● Problem statement
Copy the lines below exactly. Start at the first and finish with the line containing "using n x K k".

=== Begin Enclosure ===

lemma lhs17_summand_le_min_one_square:
  fixes n k x K :: real
  assumes k: "1 \<le> k" and kn: "2 * k \<le> n" and x: "0 < x" and K: "0 < K" "K^2 = n^3 * x"
  shows "lhs17_summand x n k \<le> 1024 / (K * n^4 * x^4) * min 1 (K^2 / k^2)"
proof -
  have n: "0 < n" using k kn by simp
  show ?thesis
  proof (cases "k \<le> K")
    case True
    have "lhs17_summand x n k \<le> 512 * (k^3 / (n^10 * x^6) + k^9 / (n^19 * x^9))"
      by (rule lhs17_summand_le_small_k_powers[OF k kn x])
    also have "\<dots> \<le> 512 * (K^3 / (n^10 * x^6) + K^9 / (n^19 * x^9))"
      using True k n x by (intro mult_left_mono add_mono divide_right_mono power_mono) auto
    also have "\<dots> = 1024 / (K * n^4 * x^4)"
      using n x K by (simp add: field_simps) (use K(2) in algebra)
    also have "\<dots> = 1024 / (K * n^4 * x^4) * min 1 (K^2 / k^2)"
      using True k by (simp add: min_def power_mono)
    finally show ?thesis .
  next
    case False
    have "lhs17_summand x n k \<le> 2 * (n^14 * x^2 / k^13 + n^5 / (k^7 * x))"
      by (rule lhs17_summand_le_small_k_inverse_powers[OF k kn x])
    also have "\<dots> \<le> 2 * (n^14 * x^2 / (K^11 * k^2) + n^5 / (K^5 * k^2 * x))"
    proof -
      have "K^11 * k^2 \<le> k^11 * k^2" "K^5 * k^2 \<le> k^5 * k^2"
        using False K by (intro mult_right_mono power_mono; simp)+
      then have "K^11 * k^2 \<le> k^13" "K^5 * k^2 \<le> k^7" by (simp_all flip: power_add)
      then show ?thesis
        using K k x n by (intro mult_left_mono add_mono divide_left_mono mult_right_mono) auto
    qed
    also have "\<dots> = 4 / (K * n^4 * x^4) * (K^2 / k^2)"
      using n x K k by (simp add: field_simps) (use K(2) in algebra)
    also have "\<dots> \<le> 1024 / (K * n^4 * x^4) * min 1 (K^2 / k^2)"
    proof -
      have "K^2 \<le> k^2" using False K by (intro power_mono) auto
      then have "min 1 (K^2 / k^2) = K^2 / k^2" using k by simp
      moreover have "4 / (K * n^4 * x^4) \<le> 1024 / (K * n^4 * x^4)"
        using K n x by (intro divide_right_mono) auto
      ultimately show ?thesis by (metis mult_right_mono divide_nonneg_nonneg zero_le_power2)
    qed
    finally show ?thesis .
  qed
qed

=== End Enclosure ===

● Response to the task
lemma lhs17_summand_le_min_one_square:
  fixes n k x K :: real
  assumes k: "1 \<le> k" and kn: "2 * k \<le> n" and x: "0 < x" and K: "0 < K" "K^2 = n^3 * x"
  shows "lhs17_summand x n k \<le> 1024 / (K * n^4 * x^4) * min 1 (K^2 / k^2)"
proof -
  have n: "0 < n" using k kn by simp
  show ?thesis
  proof (cases "k \<le> K")
    case True
    have "lhs17_summand x n k \<le> 512 * (k^3 / (n^10 * x^6) + k^9 / (n^19 * x^9))"
      by (rule lhs17_summand_le_small_k_powers[OF k kn x])
    also have "\<dots> \<le> 512 * (K^3 / (n^10 * x^6) + K^9 / (n^19 * x^9))"
      using True k n x by (intro mult_left_mono add_mono divide_right_mono power_mono) auto
    also have "\<dots> = 1024 / (K * n^4 * x^4)"
      using n x K by (simp add: field_simps) (use K(2) in algebra)
    also have "\<dots> = 1024 / (K * n^4 * x^4) * min 1 (K^2 / k^2)"
      using True k by (simp add: min_def power_mono)
    finally show ?thesis .
  next
    case False
    have "lhs17_summand x n k \<le> 2 * (n^14 * x^2 / k^13 + n^5 / (k^7 * x))"
      by (rule lhs17_summand_le_small_k_inverse_powers[OF k kn x])
    also have "\<dots> \<le> 2 * (n^14 * x^2 / (K^11 * k^2) + n^5 / (K^5 * k^2 * x))"
    proof -
      have "K^11 * k^2 \<le> k^11 * k^2" "K^5 * k^2 \<le> k^5 * k^2"
        using False K by (intro mult_right_mono power_mono; simp)+
      then have "K^11 * k^2 \<le> k^13" "K^5 * k^2 \<le> k^7" by (simp_all flip: power_add)
      then show ?thesis
        using K k x n by (intro mult_left_mono add_mono divide_left_mono mult_right_mono) auto
    qed
    also have "\<dots> = 4 / (K * n^4 * x^4) * (K^2 / k^2)"
      using n x K k by (simp add: field_simps) (use K(2) in algebra)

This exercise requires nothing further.